I have a more complicated rule set that chokes on the "#block" string.. 
does it think it's an issue! ?
... rules looks like this rather.. 
rules: [some ['cc set cc string! ]]
Henrik
12-Oct-2008
[2676]
Your parser would stop at 'aa, since you never specify it in the 
rule block.

Perhaps something like:

rules: [some [['cc set cc string!] | [word! string!]]
sqlab
12-Oct-2008
[2677]
rules: [some [set  ww  word! set ss string! (do reduce [to-set-word 
ww ss]) ]]
Henrik
30-Oct-2008
[2678]
>> parse/all {2008-10-30|"This is" NOK|http://www.example.com}"|"
== ["2008-10-30" "This is" " NOK" "http://www.example.com"]

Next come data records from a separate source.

(* Let $(G,\theta)$ be a cyclotomic $p$-oriented profinite group, let $M$ be a Hilbert 90 module for $(G,\theta)$, and fix an injective homomorphism $\iota\colon\mathbb Z/p\mathbb Z\hookrightarrow M$. Let $a,b\in M^G$ be such that $\chi_a\cup\chi_b=0$ in $H^2(G,\mathbb Z/p\mathbb Z)$. Then there exists $\alpha\in M^{G_a}$ such that $N_{G/G_a}(\alpha)=b$.
   Context: A $p$-oriented profinite group is a pair $(G,\theta)$ with $G$ profinite and $\theta\colon G\to\mathbb Z_p^\times$ continuous; it is cyclotomic if $\theta(G)\subset 1+p\mathbb Z_p$. Let $S$ be the discrete $G$-module $\mathbb Q/\mathbb Z_{(p)}$ with $g$ acting by multiplication by $\theta(g)$. A Hilbert 90 module for $(G,\theta)$ is a discrete $G$-module $M$ with $pM=M$, $M\{p\}\simeq S$ as $G$-modules, and $H^1(H,M)=0$ for every open subgroup $H\subset G$. In the cyclotomic case, the exact sequence $0\to\mathbb Z/p\mathbb Z\xrightarrow{\iota}M\xrightarrow{p}M\to0$ gives a connecting map $\partial\colon M^G\to H^1(G,\mathbb Z/p\mathbb Z)$; for $a\in M^G$ set $\chi_a=\partial(a)$ and $G_a=\ker(\chi_a)$. $N_{G/G_a}\colon M^{G_a}\to M^G$ is the norm $x\mapsto\sum_{gG_a\in G/G_a}gx$. *)

theory Defs
  imports "HOL-Analysis.Analysis" "HOL-Algebra.Coset"
begin

definition totally_disconnected_space :: "'a topology \<Rightarrow> bool" where
  "totally_disconnected_space T \<longleftrightarrow>
     (\<forall>S. connectedin T S \<longrightarrow> S = {} \<or> (\<exists>x. S = {x}))"

definition profinite_group :: "'g monoid \<Rightarrow> 'g topology \<Rightarrow> bool" where
  "profinite_group G T \<longleftrightarrow>
     group G \<and> topspace T = carrier G \<and>
     continuous_map (prod_topology T T) T (\<lambda>(x, y). x \<otimes>\<^bsub>G\<^esub> y) \<and>
     continuous_map T T (\<lambda>x. inv\<^bsub>G\<^esub> x) \<and>
     compact_space T \<and> Hausdorff_space T \<and> totally_disconnected_space T"

definition open_subgroup :: "'g monoid \<Rightarrow> 'g topology \<Rightarrow> 'g set \<Rightarrow> bool" where
  "open_subgroup G T H \<longleftrightarrow> subgroup H G \<and> openin T H"

text \<open>Continuity of a map from the group (or an open subgroup H of it) into a discrete set:
  all fibres are open.\<close>
definition locally_constant_on :: "'g topology \<Rightarrow> 'g set \<Rightarrow> ('g \<Rightarrow> 'x) \<Rightarrow> bool" where
  "locally_constant_on T H f \<longleftrightarrow> (\<forall>y. openin T {g \<in> H. f g = y})"
(* Let $k>0$, $\theta>0$, and let $X_1,\dots,X_n$ be i.i.d. samples of a gamma random variable $X$ with pdf $f(x)=\frac{x^{k-1}}{\Gamma(k)\theta^k}\exp(-x/\theta)$ for $0<x<\infty$. Let $\overline{X}_n=\frac1n\sum_{i=1}^nX_i$ and $\varDelta=\min\big\{\frac12,\frac{\mathscr{C}}{\sqrt n}(3+\frac6k)^{3/4}\big\}$, where $\mathscr{C}$ is the Berry–Esseen constant. Then $$\Pr\{\overline{X}_n\le\varrho k\theta\}\le\Big(\frac12+\varDelta\Big)\big[\varrho\exp(1-\varrho)\big]^{kn}\quad\text{for }0<\varrho\le1,$$ $$\Pr\{\overline{X}_n\ge\varrho k\theta\}\le\Big(\frac12+\varDelta\Big)\big[\varrho\exp(1-\varrho)\big]^{kn}\quad\text{for }\varrho\ge1.$$
   Context: The Berry–Esseen constant $\mathscr{C}$ is a positive absolute constant such that for every random variable $Y$ with $\mathbb{E}[Y]=0$, $\mathbb{E}[Y^2]>0$, $\mathbb{E}[|Y|^3]<\infty$, every $n$ and every $y\in\mathbb{R}$, $|F_n(y)-\Phi(y)|\le\frac{\mathscr{C}}{\sqrt n}\frac{\mathbb{E}[|Y|^3]}{\mathbb{E}^{3/2}[Y^2]}$, where $F_n$ is the cdf of $\sum_{i=1}^nY_i/\sqrt{n\mathbb{E}[Y^2]}$ for i.i.d. copies $Y_i$ of $Y$ and $\Phi$ is the standard normal cdf. *)

theory Defs
  imports "HOL-Probability.Probability"
begin

definition gamma_density :: "real \<Rightarrow> real \<Rightarrow> real \<Rightarrow> real" where
  "gamma_density k \<theta> x =
     (if 0 < x then x powr (k - 1) / (Gamma k * \<theta> powr k) * exp (- x / \<theta>) else 0)"

definition std_normal_cdf :: "real \<Rightarrow> real" where
  "std_normal_cdf y = measure (density lborel (\<lambda>x. ennreal (std_normal_density x))) {..y}"

definition berry_esseen_const :: "real \<Rightarrow> bool" where
  "berry_esseen_const C \<longleftrightarrow> 0 < C \<and>
    (\<forall>N :: real measure. prob_space N \<longrightarrow> sets N = sets borel \<longrightarrow>
       integrable N (\<lambda>y. \<bar>y\<bar> ^ 3) \<longrightarrow>
       integral\<^sup>L N (\<lambda>y. y) = 0 \<longrightarrow>
       0 < integral\<^sup>L N (\<lambda>y. y\<^sup>2) \<longrightarrow>
       (\<forall>n::nat. n \<ge> 1 \<longrightarrow> (\<forall>y::real.
          \<bar>measure (PiM {..<n} (\<lambda>_. N))
              {\<omega> \<in> space (PiM {..<n} (\<lambda>_. N)).
                 (\<Sum>i<n. \<omega> i) / sqrt (real n * integral\<^sup>L N (\<lambda>y. y\<^sup>2)) \<le> y}
            - std_normal_cdf y\<bar>
          \<le> C / sqrt (real n) * integral\<^sup>L N (\<lambda>y. \<bar>y\<bar> ^ 3)
               / (integral\<^sup>L N (\<lambda>y. y\<^sup>2)) powr (3/2))))"
(* Let $m,\ell\ge 2$. If $\sigma_1\in\mathcal{S}_{m,1}^{1\prec m}(1324)$ and $\sigma_2\in\mathcal{S}_{\ell,k}^{1\prec \ell}(1324)$ for some $k\ge1$, then $\sigma_1\odot\sigma_2\in\mathcal{S}_{n,k+1}^{1\prec n}(1324)$, where $n=\ell+m-1$.
   Context: $\mathcal{S}_n(1324)$ denotes the set of permutations of $\{1,\dots,n\}$ (in one-line notation) avoiding the pattern $1324$. For $a,k\ge1$, $\mathcal{S}_{n,k}^{a\prec n}(1324)$ is the set of $\sigma\in\mathcal{S}_n(1324)$ with $\sigma^{-1}(n)-\sigma^{-1}(a)=k$ and $\sigma^{-1}(b)>\sigma^{-1}(n)$ for all $b\in\{1,\dots,a-1\}$. Elements of $\mathcal{S}_{m,1}^{1\prec m}(1324)$ are called primitives; such a permutation has the form $\sigma_1=\pi_1\,1\,m\,\tau_1$ with words $\pi_1,\tau_1$ (possibly empty). Given a primitive $\sigma_1=\pi_1\,1\,m\,\tau_1$ of size $m$ and a permutation $\sigma_2\in\mathcal{S}_\ell(1324)$ of the form $\sigma_2=\pi_2\,1\,\theta_2\,\ell\,\tau_2$ (words $\pi_2,\theta_2,\tau_2$ possibly empty, so $1$ is to the left of $\ell$), the product is $\sigma_1\odot\sigma_2=\widehat{\pi}_2\,\pi_1\,1\,m\,\widehat{\theta}_2\,n\,\widehat{\tau}_2\,\tau_1$, where $n=\ell+m-1$ and $\widehat{\pi}_2,\widehat{\theta}_2,\widehat{\tau}_2$ are obtained from $\pi_2,\theta_2,\tau_2$ by adding $m-1$ to each entry. For example $2143\odot 41253=7214586 3$. *)

theory Defs
  imports Main
begin

definition perm_list :: "nat \<Rightarrow> nat list \<Rightarrow> bool" where
  "perm_list n \<sigma> \<longleftrightarrow> distinct \<sigma> \<and> set \<sigma> = {1..n}"

definition avoids_1324 :: "nat list \<Rightarrow> bool" where
  "avoids_1324 \<sigma> \<longleftrightarrow> \<not> (\<exists>i j k l. i < j \<and> j < k \<and> k < l \<and> l < length \<sigma> \<and>
      \<sigma>!i < \<sigma>!k \<and> \<sigma>!k < \<sigma>!j \<and> \<sigma>!j < \<sigma>!l)"

text \<open>Position (0-based) of an entry; only differences/comparisons of positions are used.\<close>
definition pos :: "nat list \<Rightarrow> nat \<Rightarrow> nat" where
  "pos \<sigma> x = (THE i. i < length \<sigma> \<and> \<sigma>!i = x)"

definition S_prec :: "nat \<Rightarrow> nat \<Rightarrow> nat \<Rightarrow> nat list set" where
  "S_prec n k a = {\<sigma>. perm_list n \<sigma> \<and> avoids_1324 \<sigma> \<and>
      pos \<sigma> n = pos \<sigma> a + k \<and> (\<forall>b\<in>{1..<a}. pos \<sigma> b > pos \<sigma> n)}"

definition shift :: "nat \<Rightarrow> nat list \<Rightarrow> nat list" where
  "shift c w = map (\<lambda>x. x + c) w"

definition odot :: "nat list \<Rightarrow> nat list \<Rightarrow> nat list" where
  "odot \<sigma>1 \<sigma>2 =
    (let m = length \<sigma>1; l = length \<sigma>2; n = l + m - 1;
         p1 = pos \<sigma>1 1; q1 = pos \<sigma>2 1; ql = pos \<sigma>2 l;
         \<pi>1 = take p1 \<sigma>1; \<tau>1 = drop (p1 + 2) \<sigma>1;
         \<pi>2 = take q1 \<sigma>2; \<theta>2 = take (ql - q1 - 1) (drop (q1 + 1) \<sigma>2);
         \<tau>2 = drop (ql + 1) \<sigma>2
     in shift (m - 1) \<pi>2 @ \<pi>1 @ [1, m] @ shift (m - 1) \<theta>2 @ [n] @ shift (m - 1) \<tau>2 @ \<tau>1)"

lemma pos_nth: "distinct xs \<Longrightarrow> i < length xs \<Longrightarrow> pos xs (xs!i) = i"
  unfolding pos_def by (rule the_equality) (auto simp: nth_eq_iff_index_eq)

lemma "odot [2,1,4,3] [4,1,2,5,3] = [7,2,1,4,5,8,6,3]"
proof -
  have a: "pos [2,1,4,3] 1 = 1" using pos_nth[of "[2,1,4,3::nat]" 1] by simp
  have b: "pos [4,1,2,5,3] 1 = 1" using pos_nth[of "[4,1,2,5,3::nat]" 1] by simp
  have c: "pos [4,1,2,5,3] (length [4,1,2,5,3::nat]) = 3" using pos_nth[of "[4,1,2,5,3::nat]" 3] by (simp add: eval_nat_numeral)
  show ?thesis unfolding odot_def Let_def shift_def by (simp only: a b c) simp
qed

end

theory Submission
  imports Defs
begin

text \<open>
  In \<open>\<sigma>1 \<odot> \<sigma>2\<close> the letters at most \<open>m\<close> spell \<open>\<sigma>1\<close>, and the letters at least \<open>m\<close> spell
  \<open>\<sigma>2\<close> with \<open>1\<close> relabelled to \<open>m\<close> and all other letters shifted up by \<open>m - 1\<close>; both words
  avoid 1324. Since the adjacent factor \<open>1 m\<close> of \<open>\<sigma>1\<close> sits exactly where the \<open>1\<close> of \<open>\<sigma>2\<close>
  was, every large letter to the right of \<open>m\<close> precedes every small letter to the right of \<open>m\<close>.
  Hence an occurrence of 1324 that mixes small and large letters could be moved onto \<open>m\<close>
  and would then lie entirely in one of the two words. The distance from \<open>1\<close> to \<open>n\<close> grows by
  one because \<open>m\<close> is inserted between them.
\<close>

definition is_1324_at :: "nat list \<Rightarrow> nat \<Rightarrow> nat \<Rightarrow> nat \<Rightarrow> nat \<Rightarrow> bool" where
  "is_1324_at \<sigma> i j k l \<longleftrightarrow> i < j \<and> j < k \<and> k < l \<and> l < length \<sigma> \<and>
      \<sigma>!i < \<sigma>!k \<and> \<sigma>!k < \<sigma>!j \<and> \<sigma>!j < \<sigma>!l"

lemma avoids_1324_iff: "avoids_1324 \<sigma> \<longleftrightarrow> (\<forall>i j k l. \<not> is_1324_at \<sigma> i j k l)"
  unfolding avoids_1324_def is_1324_at_def by blast

lemma nth_filter_length_filter_take:
  assumes "i < length xs" "Q (xs!i)"
  shows "filter Q xs ! length (filter Q (take i xs)) = xs!i"
proof -
  have "xs = take i xs @ xs!i # drop (Suc i) xs" using assms(1) by (rule id_take_nth_drop)
  then have "filter Q xs = filter Q (take i xs) @ xs!i # filter Q (drop (Suc i) xs)"
    using assms(2) by (metis filter.simps(2) filter_append)
  then show ?thesis by (simp add: nth_append)
qed

lemma length_filter_take_less:
  assumes "i < j" "j \<le> length xs" "Q (xs!i)"
  shows "length (filter Q (take i xs)) < length (filter Q (take j xs))"
proof -
  have "take j xs = take i (take j xs) @ take j xs ! i # drop (Suc i) (take j xs)"
    using assms(1,2) by (intro id_take_nth_drop) simp
  also have "\<dots> = take i xs @ xs!i # drop (Suc i) (take j xs)"
    using assms(1) by simp
  finally obtain r where "take j xs = take i xs @ xs!i # r" ..
  then show ?thesis using assms(3) by simp
qed

lemma is_1324_at_filter:
  assumes "is_1324_at xs i j k l" and "Q (xs!i)" "Q (xs!j)" "Q (xs!k)" "Q (xs!l)"
  shows "\<not> avoids_1324 (filter Q xs)"
proof -
  define g where "g t = length (filter Q (take t xs))" for t
  have ord: "i < j" "j < k" "k < l" "l < length xs"
    using assms(1) unfolding is_1324_at_def by auto
  have "g i < g j" "g j < g k" "g k < g l"
    using ord assms(2-5) length_filter_take_less[of _ _ xs Q] unfolding g_def by simp_all
  moreover have "g l < length (filter Q xs)"
    using length_filter_take_less[of l "length xs" xs Q] ord assms(5) unfolding g_def by simp
  moreover have "filter Q xs ! g t = xs ! t" if "t < length xs" "Q (xs!t)" for t
    using nth_filter_length_filter_take[of t xs Q, OF that] unfolding g_def .
  ultimately have "is_1324_at (filter Q xs) (g i) (g j) (g k) (g l)"
    using assms ord unfolding is_1324_at_def g_def by simp
  then show ?thesis unfolding avoids_1324_iff by blast
qed

lemma avoids_1324_map:
  assumes "avoids_1324 xs" and "\<And>x y. x \<in> set xs \<Longrightarrow> y \<in> set xs \<Longrightarrow> f x < f y \<longleftrightarrow> x < y"
  shows "avoids_1324 (map f xs)"
  unfolding avoids_1324_iff
proof (intro allI notI)
  fix i j k l assume "is_1324_at (map f xs) i j k l"
  then have "i < length xs" "j < length xs" "k < length xs" "l < length xs"
    unfolding is_1324_at_def by auto
  with \<open>is_1324_at (map f xs) i j k l\<close> have "is_1324_at xs i j k l"
    using assms(2)[OF nth_mem nth_mem] unfolding is_1324_at_def by simp
  then show False using assms(1) unfolding avoids_1324_iff by blast
qed
lemma lex_pair_power_dominating_cases:
  assumes G: "card VG \<ge> 2"
    and pds: "power_dominating_set VGH EGH {(g\<^sub>1, h\<^sub>1), (g\<^sub>2, h\<^sub>2)}"
    and no_single: "\<not> (\<exists>p. power_dominating_set VGH EGH {p})"
  shows "\<not> (\<exists>g. dominating_set VG EG {g}) \<and> (\<exists>a b. a \<noteq> b \<and> dominating_set VG EG {a, b})
           \<and> (\<exists>h. power_dominating_set VH EH {h})
         \<or> has_dominating_edge VG EG \<and> \<not> (\<exists>h. power_dominating_set VH EH {h})"
proof -
  have dom: "dominating_set VG EG {g\<^sub>1, g\<^sub>2}"
    using dominating_set_fst_if_power_dominating[OF pds] by simp
  show ?thesis
  proof (cases "\<exists>h. power_dominating_set VH EH {h}")
    case True
    with no_single have "\<not> (\<exists>g. dominating_set VG EG {g})"
      using lex_singleton_power_dominating_iff by blast
    moreover from this dom have "g\<^sub>1 \<noteq> g\<^sub>2" by auto
    ultimately show ?thesis using dom True by blast
  next
    case False
    have "has_dominating_edge VG EG"
    proof (cases "g\<^sub>1 = g\<^sub>2")
      case True
      with dom show ?thesis using dominating_edge_if_dominating_vertex[OF simple_G G] by simp
    next
      case False
      then have "EG g\<^sub>1 g\<^sub>2"
        using lex_pair_power_dominating_adjacent pds \<open>\<not> (\<exists>h. power_dominating_set VH EH {h})\<close>
        by blast
      with dom show ?thesis unfolding has_dominating_edge_def by blast
    qed
    with False show ?thesis by blast
  qed
qed

lemma lex_pair_power_dominating_iff:
  assumes "card VG \<ge> 2"
  shows "\<not> (\<exists>p. power_dominating_set VGH EGH {p})
           \<and> (\<exists>p q. p \<noteq> q \<and> power_dominating_set VGH EGH {p, q}) \<longleftrightarrow>
         \<not> (\<exists>g. dominating_set VG EG {g}) \<and> (\<exists>a b. a \<noteq> b \<and> dominating_set VG EG {a, b})
           \<and> (\<exists>h. power_dominating_set VH EH {h})
         \<or> has_dominating_edge VG EG \<and> \<not> (\<exists>h. power_dominating_set VH EH {h})"
    (is "\<not> ?single \<and> ?pair \<longleftrightarrow> ?by_domination \<or> ?by_edge")
proof
  assume "\<not> ?single \<and> ?pair"
  then show "?by_domination \<or> ?by_edge"
    using lex_pair_power_dominating_cases[OF assms] by fast
next
  have "\<not> ?single \<and> ?pair" if ?by_domination
  proof -
    from that obtain a b h where "a \<noteq> b" "dominating_set VG EG {a, b}"
      "power_dominating_set VH EH {h}" by blast
    then have "power_dominating_set VGH EGH ({a, b} \<times> {h})" by (intro power_dominating_lex_times)
    with \<open>a \<noteq> b\<close> have ?pair by (intro exI[of _ "(a, h)"] exI[of _ "(b, h)"]) auto
    with that show ?thesis using lex_singleton_power_dominating_iff by blast
  qed
  moreover have "\<not> ?single \<and> ?pair" if ?by_edge
  proof -
    from that obtain u v where uv: "EG u v" "dominating_set VG EG {u, v}"
      unfolding has_dominating_edge_def by blast
    obtain h where "h \<in> VH" using VH_nonempty by blast
    with uv have "power_dominating_set VGH EGH {(u, h), (v, h)}"
      by (rule power_dominating_lex_dominating_edge)
    moreover have "u \<noteq> v" using simple_graph_edgeD(4)[OF simple_G uv(1)] .
    ultimately have ?pair by blast
    with that show ?thesis using lex_singleton_power_dominating_iff by blast
  qed
  ultimately show "?by_domination \<or> ?by_edge \<Longrightarrow> \<not> ?single \<and> ?pair" by blast
qed

end

theorem mainTheorem9:
  fixes VG :: "'a set" and EG :: "'a \<Rightarrow> 'a \<Rightarrow> bool"
    and VH :: "'b set" and EH :: "'b \<Rightarrow> 'b \<Rightarrow> bool"
  assumes "simple_graph VG EG" "connected_graph VG EG" "nontrivial_graph VG EG"
      and "simple_graph VH EH" "connected_graph VH EH" "nontrivial_graph VH EH"
  shows "(power_domination_number (VG \<times> VH) (lex_edges VG EG VH EH) = 1 \<longleftrightarrow>
            domination_number VG EG = 1 \<and> power_domination_number VH EH = 1)
       \<and> (power_domination_number (VG \<times> VH) (lex_edges VG EG VH EH) = 2 \<longleftrightarrow>
            (domination_number VG EG = 2 \<and> power_domination_number VH EH = 1) \<or>
            (diam VG (complement VG EG) > 2 \<and> power_domination_number VH EH > 1))"
proof -
  interpret lex_product VG EG VH EH
    by unfold_locales (fact assms)+
  have card_VG: "card VG \<ge> 2" using assms(3) by (simp add: nontrivial_graph_def)
  then have VG: "VG \<noteq> {}" by auto
  have VGH: "VGH \<noteq> {}" using VG VH_nonempty by simp
  note simple_GH = simple_graph_lex_edges[OF assms(1,4)]
  show ?thesis
    unfolding power_domination_number_eq_1_iff[OF simple_GH VGH]
      power_domination_number_eq_2_iff[OF simple_GH VGH]
      power_domination_number_eq_1_iff[OF assms(4) VH_nonempty]
      power_domination_number_gt_1_iff[OF assms(4) VH_nonempty]
      domination_number_eq_1_iff[OF assms(1) VG] domination_number_eq_2_iff[OF assms(1) VG]
      diam_complement_gt_2_iff[OF assms(1)]
    using lex_singleton_power_dominating_iff lex_pair_power_dominating_iff[OF card_VG]
    by blast
qed

end
(* Let $n \ge 2$ and let $\lambda = (n-1, n-2, \ldots, 2, 1)$. Then the moment variety $\mathcal{M}_{n,\lambda}$ is the projective toric variety of the Birkhoff polytope $B_n$. Under the identification of the coordinate $m_{i_1 i_2 \cdots i_n}$ (where $(i_1,\ldots,i_n)$ is a permutation of $\{0,1,\ldots,n-1\}$) with the $n\times n$ permutation matrix having a $1$ in position $(k, i_k+1)$ for each $k$, this variety lives in $\mathbb{P}^{n!-1}$, and it has dimension $(n-1)^2$.
   Context: Work over $\mathbb{C}$. For a partition $\lambda$ of $d$ with at most $n$ parts, let $N_\lambda$ be the set of vectors $(i_1,\ldots,i_n) \in \mathbb{Z}_{\ge 0}^n$ whose multiset of nonzero entries equals $\lambda$. The moment variety $\mathcal{M}_{n,\lambda} \subset \mathbb{P}^{|N_\lambda|-1}$, with coordinates $m_{i_1\cdots i_n}$ for $(i_1,\ldots,i_n)\in N_\lambda$, is the Zariski closure of the image of the monomial map $$(\mu_{ki})_{k\in[n],\, i\in[d]} \mapsto \bigl(\mu_{1 i_1}\mu_{2 i_2}\cdots \mu_{n i_n}\bigr)_{(i_1,\ldots,i_n)\in N_\lambda},$$ with the convention $\mu_{k0}=1$. The Birkhoff polytope $B_n$ is the convex hull of the $n!$ permutation matrices of size $n\times n$. The toric variety of $B_n$ is the Zariski closure of the image of the monomial map $t=(t_{ab}) \mapsto (t^{P})_{P}$, where $P$ ranges over the permutation matrices and $t^P=\prod_{a,b} t_{ab}^{P_{ab}}$. *)

theory Defs
  imports Complex_Main "HOL-Library.Poly_Mapping" "HOL-Library.Multiset" "HOL-Combinatorics.Permutations"
begin

text \<open>A projective variety in P^{|I|-1} with coordinates indexed by a finite set I is
represented by its affine cone in C^I; points of C^I are functions that vanish outside I.\<close>

definition ambient :: "'i set \<Rightarrow> ('i \<Rightarrow> complex) set" where
  "ambient I = {x. \<forall>i. i \<notin> I \<longrightarrow> x i = 0}"

definition mpoly_eval :: "(('i \<Rightarrow>\<^sub>0 nat) \<Rightarrow>\<^sub>0 complex) \<Rightarrow> ('i \<Rightarrow> complex) \<Rightarrow> complex" where
  "mpoly_eval p x = Sum_any (\<lambda>mo. Poly_Mapping.lookup p mo * Prod_any (\<lambda>v. x v ^ Poly_Mapping.lookup mo v))"

definition zariski_closed :: "'i set \<Rightarrow> ('i \<Rightarrow> complex) set \<Rightarrow> bool" where
  "zariski_closed I S \<longleftrightarrow>
     (\<exists>F. S = {x \<in> ambient I. \<forall>p\<in>F. mpoly_eval p x = 0})"

definition zariski_closure :: "'i set \<Rightarrow> ('i \<Rightarrow> complex) set \<Rightarrow> ('i \<Rightarrow> complex) set" where
  "zariski_closure I S = \<Inter>{T. zariski_closed I T \<and> S \<subseteq> T}"

text \<open>Affine cone of the projective closure of the image of a (coordinatewise) map f.\<close>
definition proj_closure_cone :: "'i set \<Rightarrow> ('p \<Rightarrow> 'i \<Rightarrow> complex) \<Rightarrow> ('i \<Rightarrow> complex) set" where
  "proj_closure_cone I f =
     zariski_closure I {(\<lambda>i. if i \<in> I then c * f p i else 0) | c p. True}"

I caught this on the mailing list. Bug?
sqlab
30-Oct-2008
[2679]
Yes, this is an old bug.
It does not work, if " is next to your delimiter.
Insert a blank, and it works again.
Graham
3-Nov-2008
[2680x3]
This is a result of using parse-xml and some cleanup

[document
	[soapenv:Envelope
		[soapenv:Body
			[ns1:getSpellingSuggestionsResponse
				[getSpellingSuggestionsReturn
					[getSpellingSuggestionsReturn "Penicillin G"]
					[getSpellingSuggestionsReturn "Penicillin V"]
					[getSpellingSuggestionsReturn "Penicillamine"]
					[getSpellingSuggestionsReturn "Polycillin"]
				]
			]
		]
	]
]
what's the cleanest way to extract the drug names?
drugs: [set drugblock into [ 'getSpellingSuggestionsReturn set drugname 
string! ( print drugname) ]]

parse a [ 'document set envelope into [ 'soapEnv:envelope set body 
into [ 'soapEnv:body set response into [ 'ns1:GetSpellingsuggestionsresponse 
set returns into ['getspellingsuggestionsreturn some drugs to end 
]]]]]

works but is very long winded
Gregg
4-Nov-2008
[2683]
It's not so bad Graham. And whether you can shorten things depends 
on how exact you need to be.

rule: [
	'getspellingsuggestionsreturn some drugs
	| url! into rule
]
parse a ['document into rule]
PeterWood
4-Nov-2008
[2684x3]
This is a bit shorter but recursive:

pr: [any
          [
             [set b block! (parse b pr)] 
             |
	 ['getSpellingSuggestionsReturn set s string! (
    
                insert drug-names s

              ) 
           
             | 
            skip
     
      ]
     
]
]
Usage:

>>drug-names: copy []

>> parse gx pr
 
== true

>> drug-names

== ["Polycillin" "Penicillamine" "Penicillin V" "Penicillin G"]
If all you're extracting is the drug names wouldn't it be simpler 
to just parse the XMLstring directly?
Graham
4-Nov-2008
[2687x2]
not sure if it is
<?xml version="1.0" encoding="utf-8" ?> 

- <soapenv:Envelope xmlns:soapenv="http://schemas.xmlsoap.org/soap/envelope/"
xmlns:xsd="http://www.w3.org/2001/XMLSchema"xmlns:xsi="http://www.w3.org/2001/XMLSchema-instance">
- <soapenv:Body>

- <ns1:getSpellingSuggestionsResponse soapenv:encodingStyle="http://schemas.xmlsoap.org/soap/encoding/"
xmlns:ns1="http://db.rxnorm.nlm.nih.gov">

- <getSpellingSuggestionsReturn soapenc:arrayType="soapenc:string[4]" 
xsi:type="soapenc:Array" xmlns:soapenc="http://schemas.xmlsoap.org/soap/encoding/">

  <getSpellingSuggestionsReturn xsi:type="soapenc:string">Penicillin 
  G</getSpellingSuggestionsReturn> 

  <getSpellingSuggestionsReturn xsi:type="soapenc:string">Penicillin 
  V</getSpellingSuggestionsReturn> 

  <getSpellingSuggestionsReturn xsi:type="soapenc:string">Penicillamine</getSpellingSuggestionsReturn> 

  <getSpellingSuggestionsReturn xsi:type="soapenc:string">Polycillin</getSpellingSuggestionsReturn> 
  </getSpellingSuggestionsReturn>
  </ns1:getSpellingSuggestionsResponse>
  </soapenv:Body>
  </soapenv:Envelope>